* What you will do
Each line below that includes the word "list" is to be reported.

★ ★ ★ ★ ★

definition cg_star :: "'l cgraph \<Rightarrow> 'l cgraph \<Rightarrow> 'l cgraph" where
  "cg_star G G' = rt_close (cvertices G \<union> cvertices G') (G \<union> G')"

definition cg_dot :: "'l cgraph \<Rightarrow> 'l cgraph \<Rightarrow> 'l cgraph" where
  "cg_dot G G' = rt_close (cvertices G \<union> cvertices G')
                   (G \<union> G' \<union> (cvertices G \<times> cvertices G'))"

definition down :: "'l cgraph set \<Rightarrow> 'l cvalue" where
  "down S = {G. causal_graph G \<and> (\<exists>H\<in>S. cg_le G H)}"

definition cv_one :: "'l cvalue" where
  "cv_one = {G. causal_graph G}"

definition cv_zero :: "'l cvalue" where
  "cv_zero = {}"

definition cv_times :: "'l cvalue \<Rightarrow> 'l cvalue \<Rightarrow> 'l cvalue" where
  "cv_times U U' = U \<inter> U'"

definition cv_prod :: "'l cvalue \<Rightarrow> 'l cvalue \<Rightarrow> 'l cvalue" where
  "cv_prod U U' = down {cg_dot G G' | G G'. G \<in> U \<and> G' \<in> U'}"

definition cv_label :: "'l \<Rightarrow> 'l cvalue" where
  "cv_label l = down {{(l, l)}}"

(* Rules t : H <- B_1,...,B_n, not C_1, ..., not C_m *)
datatype ('a, 'l) rule =
  Rule (rlabel: "'l option") (rhead: 'a) (rpos: "'a list") (rneg: "'a list")

type_synonym ('a, 'l) program = "('a, 'l) rule set"

definition positive :: "('a, 'l) program \<Rightarrow> bool" where
  "positive P \<longleftrightarrow> (\<forall>r\<in>P. rneg r = [])"

definition completely_labelled :: "('a, 'l) program \<Rightarrow> bool" where
  "completely_labelled P \<longleftrightarrow>
     (\<forall>r\<in>P. rlabel r \<noteq> None) \<and>
     (\<forall>r\<in>P. \<forall>r'\<in>P. rlabel r = rlabel r' \<longrightarrow> r = r')"

type_synonym ('a, 'l) cinterp = "'a \<Rightarrow> 'l cvalue"

definition body_val :: "('a, 'l) cinterp \<Rightarrow> 'a list \<Rightarrow> 'l cvalue" where
  "body_val I bs = foldr (\<lambda>b U. cv_times (I b) U) bs cv_one"

definition rule_val :: "('a, 'l) cinterp \<Rightarrow> ('a, 'l) rule \<Rightarrow> 'l cvalue" where
  "rule_val I r = (case rlabel r of
       Some t \<Rightarrow> cv_prod (body_val I (rpos r)) (cv_label t)
     | None \<Rightarrow> body_val I (rpos r))"

definition TP :: "('a, 'l) program \<Rightarrow> ('a, 'l) cinterp \<Rightarrow> ('a, 'l) cinterp" where
  "TP P I p = \<Union> {rule_val I r | r. r \<in> P \<and> rhead r = p}"

fun TP_iter :: "('a, 'l) program \<Rightarrow> nat \<Rightarrow> ('a, 'l) cinterp" where
  "TP_iter P 0 = (\<lambda>p. cv_zero)"
| "TP_iter P (Suc k) = TP P (TP_iter P k)"

definition TP_omega :: "('a, 'l) program \<Rightarrow> ('a, 'l) cinterp" where
  "TP_omega P p = (\<Union>k. TP_iter P k p)"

★ ★ ★ ★ ★

* Response area
  Rule (rlabel: "'l option") (rhead: 'a) (rpos: "'a list") (rneg: "'a list")
definition body_val :: "('a, 'l) cinterp \<Rightarrow> 'a list \<Rightarrow> 'l cvalue" where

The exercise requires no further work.